Saudi Arabia – our bestest friend who sells us oil at inflated prices in return for letting us defend them and their retrograde society – just murdered an uppity journalist. Our amoral transactionalist Trump blew some smoke out his ass about the likelihood that some rogue element was to blame – perhaps that same 400 pound guy sitting on his bed who hacked into Democratic email servers.
Although Iran is a bad actor deserving of punishment, they are in no way alone in the Middle East as a top exporter of terrorism. That dubious crown really belongs to the Medieval Saudis who engineered 9/11, cane dissenters, ban movies and booze, and use US armaments to fuck up those they dislike in their region, including their Yemeni neighbors whom they seem bent on annihilating.
Still, Trump, following in the footsteps of his maligned Bush predecessors embraces the nepotists in the desert. Delicate boy Jared Kushner likes them. For all we know, Jared and MBS do the Arab sword dance with their cocks. And that’s good enough for the Orange Man.

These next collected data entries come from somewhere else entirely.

theorem lemma2p1:
  fixes M :: "(complex^'n) set"
    and G :: "('g, 'b) monoid_scheme"
    and act :: "'g \<Rightarrow> complex^'n \<Rightarrow> complex^'n"
  assumes "zclosed M" and "zirreducible M"
    and "group G" and "fin_presented G"
    and "\<And>g. g \<in> carrier G \<Longrightarrow> alg_aut M (act g)"
    and "\<And>x. x \<in> M \<Longrightarrow> act \<one>\<^bsub>G\<^esub> x = x"
    and "\<And>g h x. g \<in> carrier G \<Longrightarrow> h \<in> carrier G \<Longrightarrow> x \<in> M \<Longrightarrow>
           act (g \<otimes>\<^bsub>G\<^esub> h) x = act g (act h x)"
    and "\<exists>x0\<in>M. zclosure {act g x0 | g. g \<in> carrier G} = M"
  shows "\<exists>Y :: nat \<Rightarrow> (complex^'n) set.
           (\<forall>k. zclosed (Y k) \<and> Y k \<subset> M) \<and>
           (\<forall>x\<in>M - (\<Union>k. Y k). zclosure {act g x | g. g \<in> carrier G} = M)"
proof -
  obtain x0 where "x0 \<in> M" and dense: "zclosure ((\<lambda>g. act g x0) ` carrier G) = M"
    using assms(8) unfolding Setcompr_eq_image by blast
  have orbit_in_M: "(\<lambda>g. act g x) ` carrier G \<subseteq> M" if "x \<in> M" for x
    using assms(5) that unfolding alg_aut_def by blast
  obtain ks gs where max:
    "\<And>L. maximal_nonsingular_colloc (\<lambda>a g. monomial a (act g x0)) (set L) (carrier G) (ks L) (gs L)"
    using ex_maximal_nonsingular_colloc[OF finite_set] by metis
  then have gs: "length (gs L) = length (ks L)" "set (gs L) \<subseteq> carrier G" for L
    by (auto simp: maximal_nonsingular_colloc_def nonsingular_colloc_def)
  define Y where
    "Y k = M \<inter> {x. det (colloc_mat (\<lambda>a g. monomial a (act g x)) (ks (from_nat k)) (gs (from_nat k))) = 0}"
    for k
  have closed: "zclosed (Y k)" for k
    unfolding Y_def using zclosed_det_colloc_zero_set[OF assms(1) gs(1)] gs(2) assms(5) by blast
  have proper: "Y k \<subset> M" for k
    using max[of "from_nat k"] \<open>x0 \<in> M\<close>
    by (auto simp: Y_def maximal_nonsingular_colloc_def nonsingular_colloc_def)
  have not_dense_in_Y: "x \<in> (\<Union>k. Y k)"
    if "x \<in> M" and not_dense: "zclosure ((\<lambda>g. act g x) ` carrier G) \<noteq> M" for x
  proof -
    obtain L where "det (colloc_mat (\<lambda>a g. monomial a (act g x)) (ks L) (gs L)) = 0"
      using ex_det_colloc_eq_0_if_not_dense[OF assms(1) dense max orbit_in_M[OF \<open>x \<in> M\<close>] not_dense]
      by blast
    then have "x \<in> Y (to_nat L)" using \<open>x \<in> M\<close> by (simp add: Y_def)
    then show ?thesis by blast
  qed
  show ?thesis
    unfolding Setcompr_eq_image
    by (intro exI[of _ Y] conjI allI ballI closed proper) (use not_dense_in_Y in blast)
qed

end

The optics of the so-called leader of the free world apologizing on behalf of Saudi Arabia are dismal, especially when the evidence of the Saudi’s nefarious activity is overwhelming. But as is often the case with Teflon Trump, whataboutism will mostly insulate him from the world’s opprobrium.
After all, haven’t we seen enough feckless behavior exhibited when advocates of democracy meet autocrats?